A strong voice shouted in the doorway without any ceremony and with a
sort of jeering accent:
"Tengga's boats are out in the mist."
Lingard half rose from his seat, Belarab himself could not repress a
start. Lingard's attitude was a listening one, but after a moment
of hesitation he ran out of the hall. The inside of the stockade was
beginning to buzz like a disturbed hive.
Outside Belarab's house Lingard slowed his pace. The mist still hung. A
great sustained murmur pervaded it and the blurred forms of men were all
moving outward from the centre toward the palisades. Somewhere amongst
the buildings a gong clanged. D'Alcacer's raised voice was heard:
"What is happening?"
Lingard was passing then close to the prisoners' house. There was a
group of armed men below the verandah and above their heads he saw Mrs.
Travers by the side of d'Alcacer.
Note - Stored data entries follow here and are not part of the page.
lemma finite_Gamma: "finite (Gamma m G p)"
  unfolding Gamma_def by auto

lemma Gamma_mono: "(\<And>j. j < m \<Longrightarrow> G j \<subseteq> G' j) \<Longrightarrow> Gamma m G p \<subseteq> Gamma m G' p"
  unfolding Gamma_def by blast

definition shot_count :: "nat \<Rightarrow> (nat \<Rightarrow> pstring set) \<Rightarrow> (nat \<Rightarrow> nat) \<Rightarrow> pstring \<Rightarrow> nat" where
  "shot_count m G Ms p = (\<Sum>j\<in>Gamma m G p. Ms j)"

lemma shot_count_pos:
  assumes "j < m" "p \<in> G j" "0 < Ms j"
  shows "0 < shot_count m G Ms p"
  using assms member_le_sum[of j "Gamma m G p" Ms]
  by (simp add: shot_count_def Gamma_def finite_Gamma)

lemma shot_count_mono:
  "(\<And>j. j < m \<Longrightarrow> G j \<subseteq> G' j) \<Longrightarrow> shot_count m G Ms p \<le> shot_count m G' Ms p"
  unfolding shot_count_def by (intro sum_mono2 finite_Gamma Gamma_mono) auto

lemma shot_count_strict_mono:
  assumes "\<And>j. j < m \<Longrightarrow> G j \<subseteq> G' j" "j < m" "p \<in> G' j - G j" "0 < Ms j"
  shows "shot_count m G Ms p < shot_count m G' Ms p"
  unfolding shot_count_def
  by (rule sum_strict_mono2[of _ _ j]) (use assms in \<open>auto simp: finite_Gamma Gamma_mono Gamma_def\<close>)

(* (i, j, t) indexes the outcome of P i in shot t of group j. *)
definition term_shots ::
  "nat \<Rightarrow> (nat \<Rightarrow> pstring) \<Rightarrow> nat \<Rightarrow> (nat \<Rightarrow> pstring set) \<Rightarrow> (nat \<Rightarrow> nat) \<Rightarrow> (nat \<times> nat \<times> nat) set"
where
  "term_shots N P m G Ms = (SIGMA i:{..<N}. SIGMA j:Gamma m G (P i). {..<Ms j})"

lemma mem_term_shots:
  "(i, j, t) \<in> term_shots N P m G Ms \<longleftrightarrow> i < N \<and> j < m \<and> P i \<in> G j \<and> t < Ms j"
  by (auto simp: term_shots_def Gamma_def)

lemma finite_term_shots: "finite (term_shots N P m G Ms)"
  unfolding term_shots_def by (auto intro!: finite_SigmaI simp: finite_Gamma)

lemma sum_term_shots:
  "(\<Sum>(i, j, t)\<in>term_shots N P m G Ms. f i j t) = (\<Sum>i<N. \<Sum>j\<in>Gamma m G (P i). \<Sum>t<Ms j. f i j t)"
proof -
  have "(\<Sum>i<N. \<Sum>j\<in>Gamma m G (P i). \<Sum>t<Ms j. f i j t)
      = (\<Sum>i<N. \<Sum>(j, t)\<in>(SIGMA j:Gamma m G (P i). {..<Ms j}). f i j t)"
    by (intro sum.cong refl sum.Sigma) (auto simp: finite_Gamma)
  also have "\<dots> = (\<Sum>(i, j, t)\<in>term_shots N P m G Ms. f i j t)"
    unfolding term_shots_def by (subst sum.Sigma) (auto intro!: finite_SigmaI simp: finite_Gamma split_def)
  finally show ?thesis ..
qed

lemma estimator_eq_sum_term_shots:
  "estimator N c P m G Ms X \<omega>
    = (\<Sum>(i, j, t)\<in>term_shots N P m G Ms. c i / shot_count m G Ms (P i) * X j t (P i) \<omega>)"
proof -
  \<comment> \<open>For Ms j = 0 both sides vanish, as the empty sample mean is 0 / 0 = 0.\<close>
  have "real (Ms j) / S * ((\<Sum>t<Ms j. x t) / real (Ms j)) = (\<Sum>t<Ms j. x t / S)" for j S and x :: "nat \<Rightarrow> real"
    by (cases "Ms j = 0") (simp_all add: sum_divide_distrib[symmetric])
  then show ?thesis
    unfolding sum_term_shots estimator_def sample_mean_def shot_count_def
    by (simp add: sum_distrib_left)
qed

lemma measurement_model_outcome:
  assumes "measurement_model n \<psi> m G Ms M X" "j < m" "t < Ms j" "p \<in> G j"
  shows "prob_space M" and "X j t p \<in> borel_measurable M"
    and "\<And>\<omega>. \<omega> \<in> space M \<Longrightarrow> X j t p \<omega> \<in> {-1, 1}"
    and "integral\<^sup>L M (X j t p) = ev n \<psi> p"
  using assms by (auto simp: measurement_model_def)

lemma measurement_model_integrable:
  assumes "measurement_model n \<psi> m G Ms M X" "j < m" "t < Ms j" "p \<in> G j"
  shows "integrable M (X j t p)"
  using measurement_model_outcome[OF assms] by (intro integrable_pm_one)

lemma measurement_model_variance:
  assumes "measurement_model n \<psi> m G Ms M X" "j < m" "t < Ms j" "p \<in> G j"
  shows "variance M (X j t p) = sigma2 n \<psi> p"
  using measurement_model_outcome[OF assms] by (simp add: variance_pm_one sigma2_def)

lemma measurement_model_sigma2_nonneg:
  assumes "measurement_model n \<psi> m G Ms M X" "j < m" "0 < Ms j" "p \<in> G j"
  shows "0 \<le> sigma2 n \<psi> p"
proof -
  have "0 \<le> variance M (X j 0 p)"
    unfolding Defs.variance_def by (rule Bochner_Integration.integral_nonneg) simp
  then show ?thesis
    using measurement_model_variance[OF assms(1,2) _ assms(4)] assms(3) by simp
qed

lemma measurement_model_indep_shots:
  assumes mm: "measurement_model n \<psi> m G Ms M X"
    and jt: "j < m" "t < Ms j" "p \<in> G j" and jt': "j' < m" "t' < Ms j'" "q \<in> G j'"
    and "(j, t) \<noteq> (j', t')"
  shows "(\<integral>\<omega>. X j t p \<omega> * X j' t' q \<omega> \<partial>M) = integral\<^sup>L M (X j t p) * integral\<^sup>L M (X j' t' q)"
proof -
  interpret prob_space M
    using mm by (simp add: measurement_model_def)
  define Z where "Z = (\<lambda>(j, t) \<omega>. restrict (\<lambda>p. X j t p \<omega>) (G j))"
  have indep: "indep_vars (\<lambda>(j, t). Pi\<^sub>M (G j) (\<lambda>_. borel)) Z {(j, t). j < m \<and> t < Ms j}"
    using mm by (simp add: measurement_model_def Z_def)
  have "(\<integral>\<omega>. Z (j, t) \<omega> p * Z (j', t') \<omega> q \<partial>M) = (\<integral>\<omega>. Z (j, t) \<omega> p \<partial>M) * (\<integral>\<omega>. Z (j', t') \<omega> q \<partial>M)"
    using assms measurement_model_integrable[OF mm jt] measurement_model_integrable[OF mm jt']
    by (intro indep_vars_integral_mult[OF indep, of "(j, t)" "(j', t')" "\<lambda>h. h p" "\<lambda>h. h q"])
       (simp_all add: Z_def)
  then show ?thesis
    using jt(3) jt'(3) by (simp add: Z_def)
qed

lemma measurement_model_uncorrelated_term_shots:
  assumes H: "pauli_hamiltonian n N c P"
    and og: "overlapped_grouping n (supp N P) m G"
    and uncorr: "\<forall>p\<in>supp N P. \<forall>q\<in>supp N P. p \<noteq> q \<longrightarrow> commute n p q \<longrightarrow> sigma_pair n \<psi> p q = 0"
    and mm: "measurement_model n \<psi> m G Ms M X"
    and k: "(i, j, t) \<in> term_shots N P m G Ms" and l: "(i', j', t') \<in> term_shots N P m G Ms"
    and "(i, j, t) \<noteq> (i', j', t')"
  shows "(\<integral>\<omega>. X j t (P i) \<omega> * X j' t' (P i') \<omega> \<partial>M)
    = integral\<^sup>L M (X j t (P i)) * integral\<^sup>L M (X j' t' (P i'))"
proof (cases "(j, t) = (j', t')")
  case False
  then show ?thesis
    using k l by (intro measurement_model_indep_shots[OF mm]) (auto simp: mem_term_shots)
next
  case True
  with assms(7) have "i \<noteq> i'" by auto
  with H k l have "P i \<noteq> P i'"
    by (auto simp: pauli_hamiltonian_def inj_on_def mem_term_shots)
  moreover have "commute n (P i) (P i')"
    using og k l True by (auto simp: overlapped_grouping_def mem_term_shots)
  moreover have "P i \<in> supp N P" "P i' \<in> supp N P"
    using k l by (auto simp: supp_def mem_term_shots)
  ultimately have "ev2 n \<psi> (P i) (P i') = ev n \<psi> (P i) * ev n \<psi> (P i')"
    using uncorr by (auto simp: sigma_pair_def)
  then show ?thesis
    using mm k l True \<open>P i \<noteq> P i'\<close> by (auto simp: measurement_model_def mem_term_shots)
qed

lemma variance_estimator:
  assumes H: "pauli_hamiltonian n N c P"
    and og: "overlapped_grouping n (supp N P) m G"
    and uncorr: "\<forall>p\<in>supp N P. \<forall>q\<in>supp N P. p \<noteq> q \<longrightarrow> commute n p q \<longrightarrow> sigma_pair n \<psi> p q = 0"
    and mm: "measurement_model n \<psi> m G Ms M X"
  shows "variance M (estimator N c P m G Ms X)
    = (\<Sum>i<N. (c i)\<^sup>2 * sigma2 n \<psi> (P i) / shot_count m G Ms (P i))"
proof -
  define T where "T = term_shots N P m G Ms"
  define S where "S i = real (shot_count m G Ms (P i))" for i
  define Y where "Y = (\<lambda>(i, j, t). X j t (P i))"
  define a where "a = (\<lambda>(i, j::nat, t::nat). c i / S i)"
  have outcome: "Y k \<in> borel_measurable M" "\<And>\<omega>. \<omega> \<in> space M \<Longrightarrow> Y k \<omega> \<in> {-1, 1}"
    "variance M (Y k) = sigma2 n \<psi> (P (fst k))" if "k \<in> T" for k
  proof -
    obtain i j t where k: "k = (i, j, t)"
      by (cases k)
    with that have jtp: "j < m" "t < Ms j" "P i \<in> G j"
      by (simp_all add: T_def mem_term_shots)
    show "Y k \<in> borel_measurable M" "\<And>\<omega>. \<omega> \<in> space M \<Longrightarrow> Y k \<omega> \<in> {-1, 1}"
      "variance M (Y k) = sigma2 n \<psi> (P (fst k))"
      using measurement_model_outcome[OF mm jtp] measurement_model_variance[OF mm jtp]
      by (simp_all add: k Y_def)
  qed
  have ps: "prob_space M"
    using mm by (simp add: measurement_model_def)
  have "estimator N c P m G Ms X = (\<lambda>\<omega>. \<Sum>k\<in>T. a k * Y k \<omega>)"
    by (rule ext) (simp add: estimator_eq_sum_term_shots T_def S_def a_def Y_def split_def)
  then have "variance M (estimator N c P m G Ms X) = variance M (\<lambda>\<omega>. \<Sum>k\<in>T. a k * Y k \<omega>)"
    by simp
  also have "\<dots> = (\<Sum>k\<in>T. (a k)\<^sup>2 * variance M (Y k))"
  proof (rule variance_sum_uncorrelated[OF ps])
    show "integrable M (\<lambda>\<omega>. Y k \<omega> * Y l \<omega>)" if "k \<in> T" "l \<in> T" for k l
    proof (rule integrable_pm_one[OF ps])
      fix \<omega> assume "\<omega> \<in> space M"
      then have "Y k \<omega> \<in> {-1, 1}" "Y l \<omega> \<in> {-1, 1}"
        using outcome that by blast+
      then show "Y k \<omega> * Y l \<omega> \<in> {-1, 1}"
        by auto
    qed (simp add: borel_measurable_times outcome that)
    show "(\<integral>\<omega>. Y k \<omega> * Y l \<omega> \<partial>M) = integral\<^sup>L M (Y k) * integral\<^sup>L M (Y l)"
      if "k \<in> T" "l \<in> T" "k \<noteq> l" for k l
    proof -
      obtain i j t i' j' t' where kl: "k = (i, j, t)" "l = (i', j', t')"
        by (cases k, cases l)
      show ?thesis
        using that unfolding kl Y_def T_def prod.case
        by (rule measurement_model_uncorrelated_term_shots[OF H og uncorr mm])
    qed
    show "finite T"
      by (simp add: T_def finite_term_shots)
    show "integrable M (Y k)" if "k \<in> T" for k
      using outcome[OF that] by (intro integrable_pm_one[OF ps])
  qed
  also have "\<dots> = (\<Sum>(i, j, t)\<in>T. (c i / S i)\<^sup>2 * sigma2 n \<psi> (P i))"
    by (intro sum.cong refl) (auto simp: a_def outcome)
  also have "\<dots> = (\<Sum>i<N. \<Sum>j\<in>Gamma m G (P i). real (Ms j) * ((c i / S i)\<^sup>2 * sigma2 n \<psi> (P i)))"
    unfolding T_def sum_term_shots by simp
  also have "\<dots> = (\<Sum>i<N. S i * (c i / S i)\<^sup>2 * sigma2 n \<psi> (P i))"
    by (simp add: S_def shot_count_def sum_distrib_right mult.assoc)
  also have "\<dots> = (\<Sum>i<N. (c i)\<^sup>2 * sigma2 n \<psi> (P i) / S i)"
    by (intro sum.cong refl) (simp add: power2_eq_square)
  finally show ?thesis
    by (simp add: S_def)
qed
The fire by which Lingard had spent
the night was extinguished, its embers scattered, and the bench itself
lay overturned. Mrs. Travers must have run up on the verandah at the
first alarm. She and d'Alcacer up there seemed to dominate the tumult
which was now subsiding. Lingard noticed the scarf across Mrs. Travers'
face. D'Alcacer was bareheaded. He shouted again:
"What's the matter?"
"I am going to see," shouted Lingard back.